07/06/2017 – Tra passato e presente l’allenatore vastese racconta aneddoti vissuti in biancorosso da calciatore. Ora da allenatore spera un giorno di sedersi sulla panchina della sua città
Una vita colorata di bianco e rosso. Dai primi calci al pallone fino all’esordio a soli 15 anni in prima squadra con la Vastese, Giuseppe Naccarella, vastese doc, mai potrà togliere di dosso quei colori(“sono la mia seconda pelle”), oggi a 44 anni ha da tempo svestito i panni del giocatore iniziando subito quella da allenatore con risultati splendidi in questi ultimi sette anni vissuti sulla panchina dell’Acqua&Sapone dove non c’è nulla di biancorosso ma ha trovato una realtà che lo ha fatto lavorare con estrema tranquillità tra juniores e prima squadra dove ha disputato tre anni di Promozione e gli ultimi quattro in Eccellenza. A Montesilvano ci sarà poco di bianco e rosso ma quelle tonalità fanno comunque parte del suo quotidiano, lo hanno portato ad amare visceralmente realtà straniere come l’Athletic Bilbao(“è una malattia che nessuno può toccarmi, guai a criticare i baschi, ogni anno un gruppo di tifosi mi invia gadget di ogni tipo”) e il Southampton(“impazzivo in primis per Le Tissier che guarda caso indossava anche lui quei colori”), e da giocatore oltre alla sua Vastese è rimasto legatissimo a un’altra realtà come la Maceratese, colore di maglia? Biancorossa naturalmente. Tra passato e presente Peppe Naccarella nel corso dell’intervista ha ricordato come questo sport negli anni sia radicalmente cambiato lasciando aperta, anzi spalancata la porta sull’eventualità di rivederlo di nuovo all’Aragona ma questa volta né da avversario, né tantomeno da tifoso accanito.

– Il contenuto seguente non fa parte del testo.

lemma frattini_image:
  assumes H: "H \<subseteq> carrier G"
  shows "frattini G T (f ` H) = f ` frattini G T H"
proof -
  interpret inverse: topological_group_automorphism G T "inv_into (carrier G) f"
    by (rule inverse_automorphism)
  let ?g = "inv_into (carrier G) f"
  let ?\<K> = "{K. maximal_open_subgroup G T H K}"
  have maximal_image: "{K'. maximal_open_subgroup G T (f ` H) K'} = (`) f ` ?\<K>"
  proof (intro equalityI subsetI)
    fix K' assume "K' \<in> {K'. maximal_open_subgroup G T (f ` H) K'}"
    then have K': "maximal_open_subgroup G T (f ` H) K'" by simp
    then have "maximal_open_subgroup G T H (?g ` K')"
      using inverse.image_maximal_open_subgroup[OF image_subset_carrier[OF H] K']
      by (simp only: inv_image_image[OF H])
    moreover have "K' \<subseteq> carrier G"
      using K' subgroup.subset unfolding maximal_open_subgroup_def by blast
    then have "K' = f ` ?g ` K'"
      by (simp only: image_inv_image)
    ultimately show "K' \<in> (`) f ` ?\<K>"
      by blast
  qed (auto intro: image_maximal_open_subgroup[OF H])
  have "\<forall>K \<in> insert H ?\<K>. K \<subseteq> carrier G"
    using H by (auto simp: maximal_open_subgroup_def)
  then have "f ` \<Inter> (insert H ?\<K>) = (\<Inter>K \<in> insert H ?\<K>. f ` K)"
    using image_INT[OF inj _ insertI1, where B = "\<lambda>K. K"] by (simp only: image_ident)
  then show ?thesis
    by (simp only: frattini_eq_Inter maximal_image image_insert)
qed

end

lemma conjugation_topological_group_automorphism:
  assumes G: "topological_group G T" and g: "g \<in> carrier G"
  shows "topological_group_automorphism G T (conjugation G g)"
proof
  have grp: "group G" and topspace: "topspace T = carrier G"
    using G by (auto simp: topological_group_def)
  show "topological_group G T" by (fact G)
  show "conjugation G g \<in> iso G G"
    using grp g by (rule group.conjugation_iso)
  have "homeomorphic_maps T T (conjugation G g) (conjugation G (inv\<^bsub>G\<^esub> g))"
    unfolding homeomorphic_maps_def topspace
    using G g grp by (simp add: continuous_map_conjugation group.conjugation_inv_conjugation
        group.conjugation_conjugation_inv)
  then show "homeomorphic_map T T (conjugation G g)"
    by (rule homeomorphic_maps_imp_map)
qed

lemma normalizer_eq_normalizer_frattini:
  assumes G: "topological_group G T" and injective: "frattini_injective G T"
    and H: "fg_subgroup G T H"
  shows "normalizer G H = normalizer G (frattini G T H)"
proof -
  have group: "group G"
    using G by (simp add: topological_group_def)
  have H_carrier: "H \<subseteq> carrier G"
    using H by (auto simp: fg_subgroup_def closed_subgroup_def dest: subgroup.subset)
  then have frattini_carrier: "frattini G T H \<subseteq> carrier G"
    by (auto simp: frattini_def)
  have frattini_inj: "H' = H" if "fg_subgroup G T H'" "frattini G T H' = frattini G T H" for H'
    using injective that H unfolding frattini_injective_def by blast
  have stable_iff:
    "conjugation G g ` H = H \<longleftrightarrow> conjugation G g ` frattini G T H = frattini G T H"
    if g: "g \<in> carrier G" for g
  proof -
    interpret conjugation: topological_group_automorphism G T "conjugation G g"
      using G g by (rule conjugation_topological_group_automorphism)
    have frattini_conjugate:
      "frattini G T (conjugation G g ` H) = conjugation G g ` frattini G T H"
      using H_carrier by (rule conjugation.frattini_image)
    show ?thesis
    proof
      assume "conjugation G g ` H = H"
      then show "conjugation G g ` frattini G T H = frattini G T H"
        using frattini_conjugate by (simp only:)
    next
      assume "conjugation G g ` frattini G T H = frattini G T H"
      then have "frattini G T (conjugation G g ` H) = frattini G T H"
        using frattini_conjugate by (simp only:)
      then show "conjugation G g ` H = H"
        using conjugation.image_fg_subgroup[OF H] frattini_inj by blast
    qed
  qed
  show ?thesis
  proof (rule Set.set_eqI)
    fix g
    show "g \<in> normalizer G H \<longleftrightarrow> g \<in> normalizer G (frattini G T H)"
      unfolding group.normalizer_iff_conjugation[OF group H_carrier]
        group.normalizer_iff_conjugation[OF group frattini_carrier]
      using stable_iff by blast
  qed
qed
(* Let $m\ge4$ and let $g(x_1,x_2,x_3)=a_1(cx_1+\alpha_1)^2+a_2(cx_2+\alpha_2)^2+a_3(cx_3+\alpha_3)^2$ be a tight regular complete quadratic polynomial where $a_1,a_2,a_3$ are positive integers with $\gcd(a_1,a_2,a_3)=1$ and $a_1\le a_2\le a_3$, the lattice $\langle a_1,a_2,a_3\rangle$ is $p$-stable for every prime $p\nmid c$, $\alpha_i\in\mathbb{Z}$ with $0<\alpha_i<c/2$ for $i=1,2,3$, and $\gcd(c,\alpha_1\alpha_2\alpha_3)=1$. For $n\in\mathbb{Z}_{\ge0}$ let $\beta(n)=\delta cn+a_1\alpha_1^2+a_2\alpha_2^2+a_3\alpha_3^2$. Then: (i) $\min(g)=a_1\alpha_1^2+a_2\alpha_2^2+a_3\alpha_3^2$; (ii) for every prime divisor $p$ of $c$ and every $n\in\mathbb{Z}_{\ge0}$, $\beta(n)$ is represented by $g$ over $\mathbb{Z}_p$; (iii) for every prime $p$ not dividing $c$ and every $n\in\mathbb{Z}_{\ge0}$, $\beta(n)$ is represented by $g$ over $\mathbb{Z}_p$ if and only if $\beta(n)$ is represented by the $\mathbb{Z}$-lattice $\langle a_1,a_2,a_3\rangle$ over $\mathbb{Z}_p$.
   Context: Define $\delta=4$ if $m$ is odd, $\delta=2$ if $m\equiv2\pmod4$, $\delta=1$ if $m\equiv0\pmod4$, and $c=\delta\frac{m-2}{2}$. An integer $n$ is represented by $g$ over $R\in\{\mathbb{Z},\mathbb{Z}_p,\mathbb{R}\}$ if $g(\mathbf{x})=n$ for some $\mathbf{x}\in R^3$; locally represented means represented over every $\mathbb{Z}_p$ and over $\mathbb{R}$. $\min(g)=\min\{g(\mathbf{x}):\mathbf{x}\in\mathbb{Z}^3\}$; $g$ is tight regular if it represents over $\mathbb{Z}$ every locally represented integer $\ge\min(g)$. $\langle a_1,a_2,a_3\rangle$ is the lattice with form $a_1x_1^2+a_2x_2^2+a_3x_3^2$. For an odd prime $p$ with nonsquare unit $\Delta_p$, a diagonal ternary lattice $K$ is $p$-stable if $\langle1,-1\rangle$ is represented by $K\otimes\mathbb{Z}_p$ or $K\otimes\mathbb{Z}_p\cong\langle1,-\Delta_p\rangle\perp\langle p\epsilon\rangle$ with $\epsilon\in\mathbb{Z}_p^\times$; $K$ is $2$-stable if $K\otimes\mathbb{Z}_2$ is unimodular or $\langle1,3\rangle$ or $\langle1,7\rangle$ is represented by $K\otimes\mathbb{Z}_2$. *)

theory Defs
  imports "HOL-Number_Theory.Number_Theory" Complex_Main
begin

definition delta :: "int \<Rightarrow> int" where
  "delta m = (if odd m then 4 else if m mod 4 = 2 then 2 else 1)"

definition cpar :: "int \<Rightarrow> int" where
  "cpar m = delta m * (m - 2) div 2"

definition gpol :: "int \<Rightarrow> int \<Rightarrow> int \<Rightarrow> int \<Rightarrow> int \<Rightarrow> int \<Rightarrow> int \<Rightarrow>
    'a::comm_ring_1 \<Rightarrow> 'a \<Rightarrow> 'a \<Rightarrow> 'a" where
  "gpol a1 a2 a3 c al1 al2 al3 x1 x2 x3 =
     of_int a1 * (of_int c * x1 + of_int al1)^2
   + of_int a2 * (of_int c * x2 + of_int al2)^2
   + of_int a3 * (of_int c * x3 + of_int al3)^2"
(* Let $n,m\ge1$ and consider the $n\times m$ grid communication graph with a direction assignment $g$ such that adjacent circles have opposite directions. Then there are exactly $\gcd(n,m)$ rings, all of them have the same length, and all of them have the same number of hitting points on each of the four walls (i.e., for each wall, every ring hits that wall the same number of times).
   Context: Grid. The $n\times m$ grid communication graph consists of $nm$ pairwise disjoint unit circles, circle $(i,j)$ in row $i$ (rows horizontal, row 1 on top) and column $j$ (columns vertical, column 1 on the left), centres on a square lattice, circle $(i,j)$ adjacent exactly to the existing circles $(i\pm1,j)$, $(i,j\pm1)$. For adjacent circles $C_i,C_j$, the link position $\phi_{ij}$ is the point of $C_i$ closest to $C_j$. A direction assignment gives each circle $C$ a direction $g(C)\in\{1,-1\}$ (counterclockwise/clockwise), with $g(C_i)=-g(C_j)$ for adjacent circles. Rings. Trace a point moving along a circle $C_i$ in direction $g(C_i)$ at constant speed; whenever it reaches a link position $\phi_{ij}$ of its current circle, it passes to $C_j$ at $\phi_{ji}$ and continues along $C_j$ in direction $g(C_j)$ (this is the motion of a robot that never meets any other robot). This motion is periodic and the closed curve it traces is a ring. Every arc of a circle between consecutive link positions belongs to exactly one ring, so the circles decompose into rings overlapping only at link positions. The length of a ring is the total length of the circle arcs forming it. Walls. A ring hits the top wall (at a circle of row 1) each time it passes through the topmost point of a circle of row 1; similarly for the bottom wall (bottommost points of circles of row $n$), the left wall (leftmost points of circles of column 1) and the right wall (rightmost points of circles of column $m$). The number of hitting points of a ring on a wall is the number of such points on the ring. *)

theory Defs
  imports Complex_Main
begin
(* Let $(X,T)$ be a topological dynamical system and $\mu$ a $T$-invariant Borel probability measure on $X$. Then $\mu$ has bounded complexity with respect to $\{d_n\}$ if and only if $T$ is $\mu$-equicontinuous.
   Context: A t.d.s. $(X,T)$ consists of a compact metric space $(X,d)$ and a continuous map $T\colon X\to X$. $d_n(x,y)=\max\{d(T^ix,T^iy)\colon 0\le i\le n-1\}$, $B_{d_n}(x,\varepsilon)=\{y\colon d_n(x,y)<\varepsilon\}$. For an invariant measure $\mu$, $\mathrm{span}_\mu(n,\varepsilon)=\min\{\#(F)\colon F\subset X,\ \mu(\bigcup_{x\in F}B_{d_n}(x,\varepsilon))>1-\varepsilon\}$; $\mu$ has bounded complexity with respect to $\{d_n\}$ if for every $\varepsilon>0$ there is a positive integer $C$ with $\mathrm{span}_\mu(n,\varepsilon)\le C$ for all $n\ge1$. A subset $K\subset X$ is equicontinuous if for every $\varepsilon>0$ there is $\delta>0$ with $d(T^nx,T^ny)<\varepsilon$ for all $n\ge0$ and all $x,y\in K$ with $d(x,y)<\delta$. $T$ is $\mu$-equicontinuous if for every $\tau>0$ there is an equicontinuous measurable $K\subset X$ with $\mu(K)>1-\tau$. *)

theory Defs
  imports "HOL-Analysis.Analysis" "HOL-Probability.Probability"
begin

definition tds :: "'a::metric_space set \<Rightarrow> ('a \<Rightarrow> 'a) \<Rightarrow> bool" where
  "tds X T \<longleftrightarrow> compact X \<and> continuous_on X T \<and> T ` X \<subseteq> X"

definition bowen_dist :: "('a::metric_space \<Rightarrow> 'a) \<Rightarrow> nat \<Rightarrow> 'a \<Rightarrow> 'a \<Rightarrow> real" where
  "bowen_dist T n x y = Max (insert 0 {dist ((T ^^ i) x) ((T ^^ i) y) | i. i < n})"

definition bowen_ball :: "'a::metric_space set \<Rightarrow> ('a \<Rightarrow> 'a) \<Rightarrow> nat \<Rightarrow> 'a \<Rightarrow> real \<Rightarrow> 'a set" where
  "bowen_ball X T n x e = {y \<in> X. bowen_dist T n x y < e}"

definition invariant_borel_prob :: "'a::metric_space set \<Rightarrow> ('a \<Rightarrow> 'a) \<Rightarrow> 'a measure \<Rightarrow> bool" where
  "invariant_borel_prob X T M \<longleftrightarrow> prob_space M \<and> sets M = sets (restrict_space borel X)
     \<and> T \<in> measurable M M \<and> distr M M T = M"

definition span_mu :: "'a::metric_space set \<Rightarrow> ('a \<Rightarrow> 'a) \<Rightarrow> 'a measure \<Rightarrow> nat \<Rightarrow> real \<Rightarrow> nat" where
  "span_mu X T M n e = (LEAST k. \<exists>F. F \<subseteq> X \<and> finite F \<and> card F = k \<and>
      measure M (\<Union>x\<in>F. bowen_ball X T n x e) > 1 - e)"

definition bounded_complexity :: "'a::metric_space set \<Rightarrow> ('a \<Rightarrow> 'a) \<Rightarrow> 'a measure \<Rightarrow> bool" where
  "bounded_complexity X T M \<longleftrightarrow>
     (\<forall>e>0. \<exists>C::nat. C > 0 \<and> (\<forall>n\<ge>1. span_mu X T M n e \<le> C))"

definition equicontinuous_set :: "('a::metric_space \<Rightarrow> 'a) \<Rightarrow> 'a set \<Rightarrow> bool" where
  "equicontinuous_set T K \<longleftrightarrow>
     (\<forall>e>0. \<exists>d>0. \<forall>n::nat. \<forall>x\<in>K. \<forall>y\<in>K. dist x y < d \<longrightarrow> dist ((T ^^ n) x) ((T ^^ n) y) < e)"

definition mu_equicontinuous :: "('a::metric_space \<Rightarrow> 'a) \<Rightarrow> 'a measure \<Rightarrow> bool" where
  "mu_equicontinuous T M \<longleftrightarrow>
     (\<forall>tau>0. \<exists>K\<in>sets M. equicontinuous_set T K \<and> measure M K > 1 - tau)"

end

theory Submission
  imports Defs
begin

text \<open>
  If \<open>T\<close> is equicontinuous on a set \<open>K\<close> of measure \<open>> 1 - \<epsilon>\<close>, one \<open>\<delta>\<close> works for all
  times, so finitely many \<open>\<delta>\<close>-balls centred in \<open>K\<close> lie inside Bowen balls of every length
  and bound \<open>span\<^sub>\<mu>(n, \<epsilon>)\<close> uniformly in \<open>n\<close>.

  Conversely, suppose that for every \<open>n\<close> some \<open>C\<close> Bowen balls of length \<open>n\<close> carry measure
  \<open>> 1 - \<epsilon>\<close>. By compactness the \<open>C\<close>-tuples of centres have a convergent subsequence, and the
  closed orbit balls \<open>{y. \<forall>k. d(T\<^sup>k c\<^sub>i, T\<^sup>k y) \<le> 2\<epsilon>}\<close> around the limit centres still carry
  measure \<open>\<ge> 1 - \<epsilon>\<close>. These balls are compact and pairwise either intersecting or a positive
  distance apart, so on their union nearby points stay \<open>8\<epsilon>\<close>-close forever. Intersecting
  such unions along a summable sequence \<open>\<epsilon>\<^sub>k\<close> gives a set of measure close to \<open>1\<close> on which
  \<open>T\<close> is equicontinuous.
\<close>

lemma finite_image_lessThan:
  assumes "finite F" "F \<noteq> {}" "card F \<le> C"
  obtains f :: "nat \<Rightarrow> 'a" where "F = f ` {..<C}"
proof -
  obtain g where g: "bij_betw g {..<card F} F"
    using ex_bij_betw_nat_finite[OF assms(1)] by (auto simp: atLeast0LessThan)
  have "card F > 0" using assms(1,2) by auto
  have "(\<lambda>i. min i (card F - 1)) ` {..<C} = {..<card F}"
  proof (intro subset_antisym image_subsetI subsetI)
    show "min i (card F - 1) \<in> {..<card F}" for i using \<open>card F > 0\<close> by simp
    fix j assume "j \<in> {..<card F}"
    then have "j = min j (card F - 1)" "j \<in> {..<C}" using assms(3) by auto
    then show "j \<in> (\<lambda>i. min i (card F - 1)) ` {..<C}" by blast
  qed
  then have "F = g ` ((\<lambda>i. min i (card F - 1)) ` {..<C})"
    using g by (simp add: bij_betw_def)
  also have "\<dots> = (\<lambda>i. g (min i (card F - 1))) ` {..<C}" by (simp add: image_image)
  finally have "F = (\<lambda>i. g (min i (card F - 1))) ` {..<C}" .
  then show thesis by (rule that)
qed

Giuseppe Naccarella, una trentina d’anni fa esordiva per meriti in Serie C poco più che quindicenne, rispetto ad allora i giovani calciatori in cosa sono cambiati? “Un mondo capovolto rispetto ad allora, noi della mia generazione siamo stati fortunati ad incontrare figure che ci hanno aiutato giorno dopo giorno, i tempi cambiano e bisogna purtroppo accettare l’ignoranza della modernità in ambito calcistico”.
Con l’Acqua&Sapone lavori da anni tra prima squadra e settore giovanile, quali sono i limiti dei giovani di oggi? “In queste sette stagioni ho fatto esordire in prima squadra 52 ragazzi juniores, è stato un lavoro lungo e faticoso, proprio per questo penso di poter avere le giuste conoscenze per discutere, oggi i giovani hanno la pancia piena, ai miei tempi si lavorava con l’obiettivo di credere in un sogno da raggiungere attraverso sacrificio, passione e rinunce, oggi ci troviamo di fronte a una cultura del calcio stravolta, il troppo permessivismo ha di fatto portato a trascurare passioni e valori e quel sogno di cui parlavo prima oggi per i giovani non esiste più”.
A proposito di rinunce, quante ne ha dovute sopportare per potersi godere a poco più di quindici anni l’esordio in Serie C? “Nulla arriva per caso, in quegli anni io mi facevo i conti su eventuali squalifiche ed infortuni dei giocatori della prima squadra, quando i miei la domenica uscivano e volevano andassi con loro io restavo a casa perché speravo nella convocazione, mio padre all’inizio era infastidito poi quando il telefono iniziò a squillare, con il segretario Franco Nardecchia che mi invitava a presentarmi all’Hotel Baiocco, iniziò anche lui a capire che quelle rinunce a qualcosa servivano”.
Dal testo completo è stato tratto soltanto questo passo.